In rust, we don’t throw exceptions, we return Results. When coming from a language which throws exceptions, it can be easy to think of the Err type in a result as being just like an exception, but sometimes a little more thought can provide something more elegant.

In this example, I am looking at a simple function

fn add_user(username:&str, email:&str, password:&str) -> ??? 

For this function, we want to add a user to a system. The return type for this could take a number of forms.

First Attempt: Return a struct representing the user if we added the user, and an error if we didn’t

Result<User,Err>

This would be the goto function signature for me when starting out with rust. In my head (coming from Java) it maps nicely to a function signature along the lines of

public User add_user(String username, String email, String password)
	 throws SomeException, SomeOtherException {
...
}

So lets think about what those exceptional circumstances would be.

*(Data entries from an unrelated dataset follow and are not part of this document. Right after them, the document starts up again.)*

text \<open>Vectors of \<open>\<real>\<^sup>n\<close> are functions \<open>nat \<Rightarrow> real\<close> of which only the coordinates below \<open>n\<close>
  matter, so equations between vectors are stated coordinatewise for \<open>i < n\<close>; families of vectors
  are indexed as \<open>V r i\<close> (coordinate \<open>i\<close> of the \<open>r\<close>-th vector).\<close>

definition dot :: "nat \<Rightarrow> (nat \<Rightarrow> real) \<Rightarrow> (nat \<Rightarrow> real) \<Rightarrow> real" where
  "dot n x y = (\<Sum>i<n. x i * y i)"

definition mulv :: "nat \<Rightarrow> real mat \<Rightarrow> (nat \<Rightarrow> real) \<Rightarrow> nat \<Rightarrow> real" where
  "mulv n A x i = (\<Sum>l<n. A $$ (i,l) * x l)"

definition lspan :: "nat \<Rightarrow> (nat \<Rightarrow> nat \<Rightarrow> real) \<Rightarrow> nat \<Rightarrow> (nat \<Rightarrow> real) set" where
  "lspan n V J = {x. \<exists>c. \<forall>i<n. x i = (\<Sum>r<J. c r * V r i)}"

definition lin_indep :: "nat \<Rightarrow> (nat \<Rightarrow> nat \<Rightarrow> real) \<Rightarrow> nat \<Rightarrow> bool" where
  "lin_indep n V J \<longleftrightarrow> (\<forall>c. (\<forall>i<n. (\<Sum>r<J. c r * V r i) = 0) \<longrightarrow> (\<forall>r<J. c r = 0))"

definition orthogonal_family :: "nat \<Rightarrow> (nat \<Rightarrow> nat \<Rightarrow> real) \<Rightarrow> nat \<Rightarrow> bool" where
  "orthogonal_family n W J \<longleftrightarrow>
     (\<forall>j<J. \<forall>l<J. j \<noteq> l \<longrightarrow> dot n (W j) (W l) = 0) \<and> (\<forall>j<J. dot n (W j) (W j) > 0)"

lemma dot_commute: "dot n x y = dot n y x"
  unfolding dot_def by (simp add: mult.commute)

lemma dot_cong_left: "(\<And>i. i < n \<Longrightarrow> x i = x' i) \<Longrightarrow> dot n x y = dot n x' y"
  unfolding dot_def by (auto intro!: sum.cong)

lemma dot_diff_left: "dot n (\<lambda>i. x i - y i) z = dot n x z - dot n y z"
  unfolding dot_def by (simp add: left_diff_distrib sum_subtractf)

lemma dot_scale_left: "dot n (\<lambda>i. a * x i) y = a * dot n x y"
  unfolding dot_def by (simp add: sum_distrib_left mult.assoc)

lemma dot_sum_left: "dot n (\<lambda>i. \<Sum>r\<in>S. c r * V r i) y = (\<Sum>r\<in>S. c r * dot n (V r) y)"
  unfolding dot_def by (simp add: sum_distrib_left sum_distrib_right mult.assoc sum.swap[of _ S])

lemma dot_self_pos: "i < n \<Longrightarrow> x i \<noteq> 0 \<Longrightarrow> dot n x x > 0"
  unfolding dot_def by (rule sum_pos2[of _ i]) (auto simp: zero_less_mult_iff linorder_neq_iff)

lemma mulv_cong: "(\<And>l. l < n \<Longrightarrow> x l = y l) \<Longrightarrow> mulv n A x i = mulv n A y i"
  unfolding mulv_def by simp

lemma mulv_diff: "mulv n A (\<lambda>l. x l - y l) i = mulv n A x i - mulv n A y i"
  unfolding mulv_def by (simp add: right_diff_distrib sum_subtractf)

lemma mulv_sum: "mulv n A (\<lambda>l. \<Sum>r\<in>S. c r * V r l) i = (\<Sum>r\<in>S. c r * mulv n A (V r) i)"
  unfolding mulv_def by (simp add: sum_distrib_left mult.left_commute sum.swap[of _ S])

  • You might be trying to write to a database, and the connection fails. That’s an exceptional circumstance, but one we need to handle gracefully. You probably don’t want your real world app to crash when your database is unavailable briefly for some maintenance. You could internalise this in the function if this was a public API, so your return value in this case might be saying something like Something went wrong. This is probably temporary, so please try again in a bit, or in a function internal to a service, you might want to explicitly handle database errors (email to DBA, log something etc.).

  • The data you got might be no good. The username or email might already exist, the password might be blank, etc. Here you want a return value which informs the caller of what happened explicitly so that they can take corrective action within normal program flow.

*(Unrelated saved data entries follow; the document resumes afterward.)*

lemma mpoly_eval_minus_const_in_ideal_gen:
  assumes ah: "alg_hom phi" and vq: "mpoly_vars_in n q" and x: "\<And>i. i < n \<Longrightarrow> x i \<in> ideal_gen UNIV g l"
  shows "mpoly_eval phi x q - phi (Poly_Mapping.lookup q 0) \<in> ideal_gen UNIV g l"
proof -
  define T where "T mo = phi (Poly_Mapping.lookup q mo) * (\<Prod>i\<in>Poly_Mapping.keys mo. x i ^ Poly_Mapping.lookup mo i)" for mo
  have "T mo \<in> ideal_gen UNIV g l" if mo: "mo \<in> Poly_Mapping.keys q" "mo \<noteq> 0" for mo
  proof -
    obtain i0 where i0: "i0 \<in> Poly_Mapping.keys mo" using mo(2) keys_eq_empty by blast
    have "i0 < n" using vq mo(1) i0 unfolding mpoly_vars_in_def by blast
    have "Poly_Mapping.lookup mo i0 \<noteq> 0" using i0 in_keys_iff by metis
    hence "T mo = (phi (Poly_Mapping.lookup q mo) * x i0 ^ (Poly_Mapping.lookup mo i0 - 1)
        * (\<Prod>i\<in>Poly_Mapping.keys mo - {i0}. x i ^ Poly_Mapping.lookup mo i)) * x i0"
      unfolding T_def using i0 by (simp add: prod.remove mult_ac power_eq_if)
    thus ?thesis using ideal_gen_UNIV_mult x[OF \<open>i0 < n\<close>] by simp
  qed
  hence "(\<Sum>mo\<in>Poly_Mapping.keys q - {0}. T mo) \<in> ideal_gen UNIV g l"
    by (intro ideal_gen_UNIV_sum) auto
  moreover have "mpoly_eval phi x q = phi (Poly_Mapping.lookup q 0) + (\<Sum>mo\<in>Poly_Mapping.keys q - {0}. T mo)"
  proof (cases "0 \<in> Poly_Mapping.keys q")
    case True thus ?thesis unfolding mpoly_eval_def T_def by (simp add: sum.remove)
  next
    case False
    hence "Poly_Mapping.lookup q 0 = 0" using in_keys_iff by metis
    thus ?thesis using False alg_hom_0[OF ah] unfolding mpoly_eval_def T_def by simp
  qed
  ultimately show ?thesis by simp
qed

section \<open>The index\<close>

lemma alternating_sum_consecutive:
  fixes f :: "int \<Rightarrow> int"
  assumes "f (-1) = 0"
  shows "(\<Sum>p=0..N. (-1) ^ (p + 1) * (f (int p - 1) + f (int p))) = (-1) ^ (N + 1) * f (int N)"
proof (induction N)
  case (Suc N)
  have "(\<Sum>p=0..Suc N. (-1) ^ (p + 1) * (f (int p - 1) + f (int p)))
     = (-1) ^ (N + 1) * f (int N) + (-1) ^ (N + 2) * (f (int N) + f (int (Suc N)))"
    using Suc by simp
  also have "\<dots> = (-1) ^ (Suc N + 1) * f (int (Suc N))" by (simp add: algebra_simps)
  finally show ?case .
qed (use assms in simp)

context module
begin

lemma kos_index_eq_0_if_hdim_shift:
  assumes ah: "alg_hom phi" and fin: "kos_index_finite phi scale y m"
    and shift: "\<And>p. kos_hdim phi scale Z (m + 1) p
      = kos_hdim phi scale y m (p - 1) + kos_hdim phi scale y m p"
  shows "kos_index_finite phi scale Z (m + 1) \<and> kos_index phi scale Z (m + 1) = 0"
proof
  have finite: "kos_hdim phi scale y m p \<noteq> \<infinity>" for p
  proof (cases "p < 0 \<or> int m < p")
    case True thus ?thesis using kos_hdim_out_of_range[OF ah True] by simp
  next
    case False
    hence "p = int (nat p)" "nat p \<le> m" by auto
    thus ?thesis using fin unfolding kos_index_finite_def by metis
  qed
  thus "kos_index_finite phi scale Z (m + 1)"
    unfolding kos_index_finite_def shift by (simp only: plus_eq_infty_iff_enat) blast
  define f where "f p = int (the_enat (kos_hdim phi scale y m p))" for p
  have "f (-1) = 0" "f (int (m + 1)) = 0"
    unfolding f_def using kos_hdim_out_of_range[OF ah] by (simp_all add: zero_enat_def)
  moreover have "int (the_enat (kos_hdim phi scale Z (m + 1) p)) = f (p - 1) + f p" for p
    using finite[of "p - 1"] finite[of p] unfolding f_def shift by (auto simp: not_infinity_eq)
  ultimately show "kos_index phi scale Z (m + 1) = 0"
    unfolding kos_index_def using alternating_sum_consecutive[of f "m + 1"] by simp
qed

end

theorem proposition2p5:
  fixes phi :: "'k::field \<Rightarrow> 'r::comm_ring_1"
    and act :: "'r \<Rightarrow> 'm::ab_group_add \<Rightarrow> 'm"
    and x y :: "nat \<Rightarrow> 'r" and n m :: nat
    and q :: "(nat \<Rightarrow>\<^sub>0 nat) \<Rightarrow>\<^sub>0 'k" and lam :: 'k
  assumes "alg_hom phi"
    and "module act"
    and "\<forall>i<m. y i \<in> k_subalg phi x n"
    and "ideal_gen (k_subalg phi x n) y m = ideal_gen (k_subalg phi x n) x n"
    and "mpoly_vars_in n q"
    and "(\<lambda>i. if i = m then lam else 0)
           \<in> taylor_spectrum phi act (\<lambda>i. if i < m then y i else if i = m then mpoly_eval phi x q else 0) (m + 1)"
  shows "(\<lambda>_. 0) \<in> taylor_spectrum phi act y m \<and> lam = Poly_Mapping.lookup q 0
    \<and> (\<forall>p::int. kos_hdim phi act
           (tuple_sub phi (\<lambda>i. if i < m then y i else if i = m then mpoly_eval phi x q else 0)
                          (\<lambda>i. if i = m then lam else 0)) (m + 1) p
         = kos_hdim phi act y m (p - 1) + kos_hdim phi act y m p)
    \<and> (kos_index_finite phi act y m \<longrightarrow>
         kos_index_finite phi act
           (tuple_sub phi (\<lambda>i. if i < m then y i else if i = m then mpoly_eval phi x q else 0)
                          (\<lambda>i. if i = m then lam else 0)) (m + 1)
       \<and> kos_index phi act
           (tuple_sub phi (\<lambda>i. if i < m then y i else if i = m then mpoly_eval phi x q else 0)
                          (\<lambda>i. if i = m then lam else 0)) (m + 1) = 0)"
proof -
  note ah = assms(1)
  interpret module act by (rule assms(2))
  define Z where "Z = tuple_sub phi (\<lambda>i. if i < m then y i else if i = m then mpoly_eval phi x q else 0)
    (\<lambda>i. if i = m then lam else 0)"
  have "x i \<in> ideal_gen UNIV y m" if "i < n" for i
    using generator_in_ideal_gen[OF k_subalg_0 k_subalg_1[OF ah] that] assms(4) ideal_gen_mono by blast
  then obtain r where r: "mpoly_eval phi x q - phi (Poly_Mapping.lookup q 0) = (\<Sum>j<m. r j * y j)"
    using mpoly_eval_minus_const_in_ideal_gen[OF ah assms(5)] unfolding ideal_gen_def by blast
  have Zy: "\<And>i. i < m \<Longrightarrow> Z i = y i" by (simp add: Z_def tuple_sub_def alg_hom_0[OF ah])
  have Zm: "Z m = phi (Poly_Mapping.lookup q 0 - lam) + (\<Sum>j<m. r j * y j)"
    using r by (simp add: Z_def tuple_sub_def alg_hom_diff[OF ah] algebra_simps)
  have not_exact: "\<not> kos_exact act Z (Suc m)" using assms(6) by (simp add: taylor_spectrum_def Z_def)
  have lam: "lam = Poly_Mapping.lookup q 0"
    using kos_exact_cone_unit[OF Zy Zm alg_hom_unit[OF ah]] not_exact by force
  hence Zm0: "Z m = (\<Sum>j<m. r j * y j)" using Zm alg_hom_0[OF ah] by simp
  have "\<not> kos_exact act y m" using kos_exact_cone_zero[OF Zy Zm0] not_exact by blast
  hence "(\<lambda>_. 0) \<in> taylor_spectrum phi act y m"
    by (simp add: taylor_spectrum_def tuple_sub_def alg_hom_0[OF ah])
  moreover have shift:
    "kos_hdim phi act Z (m + 1) p = kos_hdim phi act y m (p - 1) + kos_hdim phi act y m p" for p
    using kos_hdim_cone_zero[OF ah Zy Zm0] by simp
  ultimately show ?thesis
    using lam kos_index_eq_0_if_hdim_shift[OF ah _ shift] unfolding Z_def[symmetric] by blast
qed

end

Mixing these together in an Err return is inelegant for the caller to handle. They have to handle the Ok case and the other program flow cases, but will probably want to pass the exceptional cases back up the stack.

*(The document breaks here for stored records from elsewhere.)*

lemma conj_le_corner: "u \<le> x \<Longrightarrow> conj lam x \<le> v - 1"
  using conj_antimono conj_corner by metis

lemma corner_le_if_beyond_first_row: "part lam 1 < x \<Longrightarrow> u \<le> x"
  using part_antimono[OF sorted order.refl v_pos] part_corner by simp

lemma corner_le_if_beyond_first_column: "conj lam 1 < y \<Longrightarrow> v \<le> y"
  using conj_antimono[OF u_pos, of lam] conj_corner by simp

lemma corner_not_in_cells: "(u, v) \<notin> cells lam"
  using part_corner u_pos by (auto simp: cells_def)

end

locale corner_extension = outer_corner +
  fixes nu :: "nat list"
  assumes part_nu: "\<And>y. 1 \<le> y \<Longrightarrow> part nu y = (if y = v then u else part lam y)"
    and conj_nu: "\<And>x. 1 \<le> x \<Longrightarrow> conj nu x = (if x = u then v else conj lam x)"
begin

lemma cells_nu: "cells nu = insert (u, v) (cells lam)"
  using part_nu part_corner u_pos v_pos by (auto simp: cells_def split: if_splits)

lemma cells_diff: "cells nu - cells lam = {(u, v)}"
  using cells_nu corner_not_in_cells by auto

lemma rowset_eq: "rowset nu lam = (\<lambda>x. (x, v)) ` {1..u - 1}"
  unfolding rowset_def cells_diff using part_corner v_pos by (auto simp: cells_def)

lemma colset_eq: "colset nu lam = (\<lambda>y. (u, y)) ` {1..v - 1}"
  unfolding colset_def cells_diff
  using le_conj_iff_le_part[OF sorted u_pos] conj_corner u_pos by (auto simp: cells_def)

lemma alpha_eq:
  "alpha nu lam q t =
    (\<Prod>x\<in>{1..u - 1}. br q t (u - 1 - x) (Suc (conj lam x - v)) / br q t (u - x) (Suc (conj lam x - v))) *
    (\<Prod>y\<in>{1..v - 1}. br q t (Suc (part lam y - u)) (v - 1 - y) / br q t (Suc (part lam y - u)) (v - y))"
  unfolding alpha_def
proof (intro arg_cong2[where f = "(*)"] prod.reindex_cong)
  show "rowset nu lam = (\<lambda>x. (x, v)) ` {1..u - 1}" "colset nu lam = (\<lambda>y. (u, y)) ` {1..v - 1}"
    by (rule rowset_eq colset_eq)+
  show "inj_on (\<lambda>x. (x, v)) {1..u - 1}" "inj_on (\<lambda>y. (u, y)) {1..v - 1}"
    by (auto simp: inj_on_def)
next
  fix x assume "x \<in> {1..u - 1}"
  then show "br q t (arm lam (x, v)) (leg lam (x, v) + 1) / br q t (arm nu (x, v)) (leg nu (x, v) + 1) =
      br q t (u - 1 - x) (Suc (conj lam x - v)) / br q t (u - x) (Suc (conj lam x - v))"
    using part_corner part_nu[OF v_pos] conj_nu[of x] by (auto simp: arm_def leg_def)
next
  fix y assume "y \<in> {1..v - 1}"
  then show "br q t (arm lam (u, y) + 1) (leg lam (u, y)) / br q t (arm nu (u, y) + 1) (leg nu (u, y)) =
      br q t (Suc (part lam y - u)) (v - 1 - y) / br q t (Suc (part lam y - u)) (v - y)"
    using conj_corner conj_nu[OF u_pos] part_nu[of y] by (auto simp: arm_def leg_def)
qed
lemma limit_point_kkt:
  assumes s: "strict_mono s"
    and d_s: "(\<lambda>k. d (s k)) \<longlonglongrightarrow> ds" and lam_s: "(\<lambda>k. lam (s k)) \<longlonglongrightarrow> ls"
  shows "g + (D + T) *v ds + ls *\<^sub>R ds = 0 \<and> ls \<ge> 0 \<and> norm ds \<le> r \<and> ls * (norm ds - r) = 0"
proof (intro conjI)
  have "isCont (quadratic_objective g (D + T)) ds"
    unfolding quadratic_objective_def
    by (intro continuous_intros bounded_linear.continuous[OF matrix_vector_mul_bounded_linear])
  then have "(\<lambda>k. d (Suc k) - d k) \<longlonglongrightarrow> 0"
    by (rule sufficient_decrease_steps_tendsto_zero[OF sufficient_decrease a_pos s d_s])
  \<comment> \<open>lam converges only along s, so the step equation is used at the predecessors of s\<close>
  then obtain t where t_succ: "\<And>k. Suc (t k) = s (Suc k)" and d_t: "(\<lambda>k. d (t k)) \<longlonglongrightarrow> ds"
    using subseq_predecessors_tendsto[OF s d_s] by blast
  have "(\<lambda>k. d (Suc (t k)) - d (t k)
            + \<eta> *\<^sub>R (g + T *v d (t k) + D *v d (Suc (t k)) + lam (Suc (t k)) *\<^sub>R d (Suc (t k))))
        \<longlonglongrightarrow> ds - ds + \<eta> *\<^sub>R (g + T *v ds + D *v ds + ls *\<^sub>R ds)"
    unfolding t_succ
    by (intro tendsto_intros d_t LIMSEQ_Suc[OF d_s] LIMSEQ_Suc[OF lam_s]
        bounded_linear.tendsto[OF matrix_vector_mul_bounded_linear])
  then have "\<eta> *\<^sub>R (g + T *v ds + D *v ds + ls *\<^sub>R ds) = 0"
    unfolding stationary by (simp add: LIMSEQ_const_iff)
  then have "g + T *v ds + D *v ds + ls *\<^sub>R ds = 0"
    using eta_pos by simp
  then show "g + (D + T) *v ds + ls *\<^sub>R ds = 0"
    by (simp add: matrix_vector_mult_add_rdistrib algebra_simps)
  show "ls \<ge> 0"
    using lam_s lam_nonneg by (blast intro: LIMSEQ_le_const)
  show "norm ds \<le> r"
    using feasible by (intro LIMSEQ_le_const2[OF tendsto_norm[OF d_s]]) blast
  have "(\<lambda>k. lam (s k) * (norm (d (s k)) - r)) \<longlonglongrightarrow> ls * (norm ds - r)"
    by (intro tendsto_intros lam_s d_s)
  then show "ls * (norm ds - r) = 0"
    unfolding complementary by (simp add: LIMSEQ_const_iff)
qed

end

theorem mainTheorem7:
  fixes g :: "real^'n" and D T :: "real^'n^'n" and r \<eta> a \<eta>min :: real
    and d :: "nat \<Rightarrow> real^'n" and lam :: "nat \<Rightarrow> real"
    and ds :: "real^'n" and ls :: real
  assumes r_pos: "r > 0"
    and g_nz: "g \<noteq> 0"
    and D_diag: "\<forall>i j. i \<noteq> j \<longrightarrow> D $ i $ j = 0"
    and D_nonneg: "\<forall>i. D $ i $ i \<ge> 0"
    and T_sym: "transpose T = T"
    and a_pos: "a > 0"
    and etamin_pos: "\<eta>min > 0"
    and eta_lo: "\<eta>min \<le> \<eta>"
    and eta_hi: "\<eta> \<le> 1 / (onorm (\<lambda>x. T *v x) + 2 * a)"
    and d0: "d 0 = - (r / norm g) *\<^sub>R g"
    and lam0: "lam 0 = 0"
    and lam_step0: "\<forall>k. iex_phi \<eta> D (iex_b \<eta> g T (d k)) 0 \<le> r\<^sup>2 \<longrightarrow> lam (Suc k) = 0"
    and lam_step1: "\<forall>k. iex_phi \<eta> D (iex_b \<eta> g T (d k)) 0 > r\<^sup>2 \<longrightarrow>
                      lam (Suc k) > 0 \<and> iex_phi \<eta> D (iex_b \<eta> g T (d k)) (lam (Suc k)) = r\<^sup>2"
    and d_step: "\<forall>k. d (Suc k) =
                   matrix_inv (mat 1 + \<eta> *\<^sub>R (D + lam (Suc k) *\<^sub>R mat 1)) *v iex_b \<eta> g T (d k)"
    and limpt: "\<exists>s. strict_mono s \<and> ((\<lambda>k. (d (s k), lam (s k))) \<longlongrightarrow> (ds, ls)) sequentially"
  shows "g + (D + T) *v ds + ls *\<^sub>R ds = 0 \<and> ls \<ge> 0 \<and> norm ds \<le> r \<and> ls * (norm ds - r) = 0"
proof -
  obtain s where s: "strict_mono s"
    and lim: "((\<lambda>k. (d (s k), lam (s k))) \<longlongrightarrow> (ds, ls)) sequentially"
    using limpt by blast
  have "\<eta> > 0"
    using etamin_pos eta_lo by linarith
  moreover have "norm (d 0) \<le> r"
    using d0 g_nz r_pos by simp
  ultimately interpret iex_iteration g D T r \<eta> a d lam
    using assms by unfold_locales auto
  show ?thesis
    using limit_point_kkt[OF s] tendsto_fst[OF lim] tendsto_snd[OF lim] by simp
qed

end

Better: Return an enum representing all events in normal program flow, and an Error for exceptions

Here we add an enum that looks something like this:

type Reason =  String;

enum AddUser {
	Added(User),
    	UsernameExists,
    	EmailExists,
    	UsernameInvalid(Reason),
    	EmailInvalid(Reason),
    	PaswordInvalid(Reason)
}

The function definition would now look like this:

fn add_user(username:&str, email:&str, password:&str) -> Result<AddUser,Err>

This looks much better. Err is reserved for genuine errors which we would likely propogate upwards, and our normal program flow is captured in one match statement. The calling function now looks something like this:

...

match add_user(name,email,pass)? {
	Added(u) => {...},
     	UsernameExists => {...}
    	...
}

...

The Err part can now be propogated unchanged up to a level where we can handle genuinely exceptional cases consistently.